Épisode 30
- JF
- 20 nov.
- 3 min de lecture

Si je n’ai aucun souvenir de ma communion privée par contre je me souviens très bien de ma communion solennelle.
Je crois me rappeler que les quelques journées de préparation et la cérémonie elle-même avaient lieu dans l’église du Sacré-Cœur, située à moins d’un kilomètre de la maison et dans laquelle je pouvais me rendre à pied.
J’ai beau chercher à retrouver sur internet la présence de cette église, mais tout a tellement changé que je ne suis plus sûr de rien.
J’ai bien noté l’existence d’une « cure du Sacré-Cœur » jouxtant des bâtiments d’une paroisse dite de « Notre Dame en Chalonnais » et qui semble correspondre à l’emplacement que je crois être le bon, mais je ne suis pas certain de ne pas me tromper.
Bref, la journée elle-même reste gravée dans ma mémoire.
A cette époque, la tenue des communiants n’avait rien à voir avec celle utilisée quelques années plus tard, une aube blanche que mon frère Jean-Pierre allait revêtir pour la même occasion trois ou quatre ans après.
Élégamment vêtu d’une veste et d’un pantalon anthracite, tous deux taillés sur mesure, chemise, pochette et gants blancs ainsi qu’une cravate grise, soigneusement nouée par Maman, j’étais superbe.
Mon bras gauche était orné d’un brassard de soie blanche, avec un gros nœud papillon au sommet la partie basse terminée par des franges et dentelle.
Nous paradions, mes amis pareillement accoutrés et moi-même, sous les yeux attendris des familles rassemblées ce jour-là.
Mes parrain et marraine ainsi que des oncles et tantes réunis autour de mes parents, la fête allait durer toute la journée.
Messe le matin, vêpres l’après-midi, c’était avant tout une journée qui signait, avec la cérémonie de « confirmation » quelque temps après, notre entrée dans la communauté adulte des chrétiens catholiques, singulièrement appauvrie de nos jours.
Un excellent repas fut servi à midi, au terme duquel je reçus les traditionnels cadeaux réservés à cette occasion.
Un « missel vespéral romain » avec sa couverture de cuir fauve, qui m’a longtemps accompagné, abondamment garni au fil des pages et des ans, d’images de communion, de naissances et parfois de décès de la famille et des amis qui ont jalonné ma vie.
Un chapelet aux grains d’ivoire, offert par ma marraine, que j’ai lui aussi égaré mais qui réapparaîtra peut-être un jour, dans un tiroir resté fermé depuis longtemps, ou une boite oubliée dans un coin. Qui sait ?

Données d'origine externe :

lemma subgroup_subset_add_stabilizer_coset:
  assumes "add_subgroup S"
  shows "S \<subseteq> add_stabilizer ((\<lambda>h. c + h) ` S)"
  unfolding add_stabilizer_def
proof (intro subsetI CollectI allI)
  fix g u assume g: "g \<in> S"
  have "u + g \<in> (\<lambda>h. c + h) ` S \<longleftrightarrow> u + g - c \<in> S" by (force simp: algebra_simps)
  also have "\<dots> \<longleftrightarrow> u - c \<in> S"
    using assms g add_subgroup_add[of S "u - c" g] add_subgroup_diff[of S "u + g - c" g]
    by (auto simp: algebra_simps)
  also have "\<dots> \<longleftrightarrow> u \<in> (\<lambda>h. c + h) ` S" by (force simp: algebra_simps)
  finally show "u + g \<in> (\<lambda>h. c + h) ` S \<longleftrightarrow> u \<in> (\<lambda>h. c + h) ` S" .
qed

definition union_except :: "(nat \<Rightarrow> 'a set) \<Rightarrow> nat \<Rightarrow> nat \<Rightarrow> 'a set" where
  "union_except A m i = {b. \<exists>j\<in>{1..m}. j \<noteq> i \<and> b \<in> A j}"

lemma union_eq_Un_union_except:
  "i \<in> {1..m} \<Longrightarrow> (\<Union>j\<in>{1..m}. A j) = A i \<union> union_except A m i"
  unfolding union_except_def by (auto 4 3)

lemma disjoint_union_except:
  "\<forall>i\<in>{1..m}. \<forall>j\<in>{1..m}. i \<noteq> j \<longrightarrow> A i \<inter> A j = {} \<Longrightarrow> i \<in> {1..m} \<Longrightarrow>
    A i \<inter> union_except A m i = {}"
  unfolding union_except_def by blast

text \<open>The pairs counted by \<open>N\<^sub>i(y - u)\<close> include \<open>(y, u)\<close>, so by bimodality there is one for each
  first coordinate in \<open>A\<^sub>i\<close>; the partner of \<open>x\<close> is \<open>u + (x - y)\<close>.\<close>

lemma bimodal_translate_union_except:
  fixes A :: "nat \<Rightarrow> 'a::{ab_group_add, finite} set"
  assumes disj: "\<forall>i\<in>{1..m}. \<forall>j\<in>{1..m}. i \<noteq> j \<longrightarrow> A i \<inter> A j = {}"
    and bim: "bimodal A m" and i: "i \<in> {1..m}"
    and x: "x \<in> A i" and y: "y \<in> A i" and u: "u \<in> union_except A m i"
  shows "u + (x - y) \<in> union_except A m i"
proof -
  define P where "P = {(a, b). a \<in> A i \<and> b \<in> union_except A m i \<and> a - b = y - u}"
  have "y \<noteq> u" using disjoint_union_except[OF disj i] y u by blast
  then have "card P \<in> {0, card (A i)}"
    using bim i unfolding bimodal_def N_count_def P_def union_except_def by simp
  moreover have "(y, u) \<in> P" using y u unfolding P_def by simp
  ultimately have "card P = card (A i)" by auto
  moreover have "inj_on fst P" unfolding P_def inj_on_def by auto (metis add_diff_cancel_left' diff_add_cancel)
  ultimately have "card (fst ` P) = card (A i)" by (simp add: card_image)
  moreover have "fst ` P \<subseteq> A i" unfolding P_def by auto
  ultimately have "fst ` P = A i" using card_subset_eq[of "A i" "fst ` P"] by simp
  with x obtain b where "(x, b) \<in> P" by force
  moreover from this have "b = u + (x - y)"
    unfolding P_def by (simp add: algebra_simps)
  ultimately show ?thesis unfolding P_def by simp
qed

Une montre, la première de ma courte existence, avec un « trotteuse » qui marquait les secondes et une petite fenêtre qui égrenait quotidiennement les dates et qu’il fallait surveiller, chaque fin de mois pour tenir compte des mois de trente ou trente-et-un jours, sans compter cet original mois de février, ses vingt-huit jours devenant vingt-neuf tous les quatre ans.
C’est à cette époque que j’ai découvert l’existence des années bissextiles.
C’est également à cette occasion que j’ai appris de Papa la méthode permettant de distinguer les mois de trente ou trente-et-un jours en comptant les bosses et les creux sur mon poing fermé.
Enfin Tonton, mon parrain, toujours prêt à faciliter mon apprentissage scolaire, m’offrit dans un superbe écrin de carton bouilli, un stylo qui accompagna mes études durant des années.
Il était magnifique avec sa plume en or et son système de remplissage à piston que j’actionnais chaque fois que nécessaire pour gonfler d’encre le réservoir en caoutchouc.
Que de fois j’ai puisé dans ces astucieuses bouteilles d’encre « Waterman » ce liquide bleu-marine, dont je portais souvent la trace sur les doigts et grâce auquel j’ai aligné tant de lignes sur des milliers de pages.
J’ai usé depuis de nombreux stylos mais jamais aucun ne m’a apporté autant de plaisir à écrire que celui-là.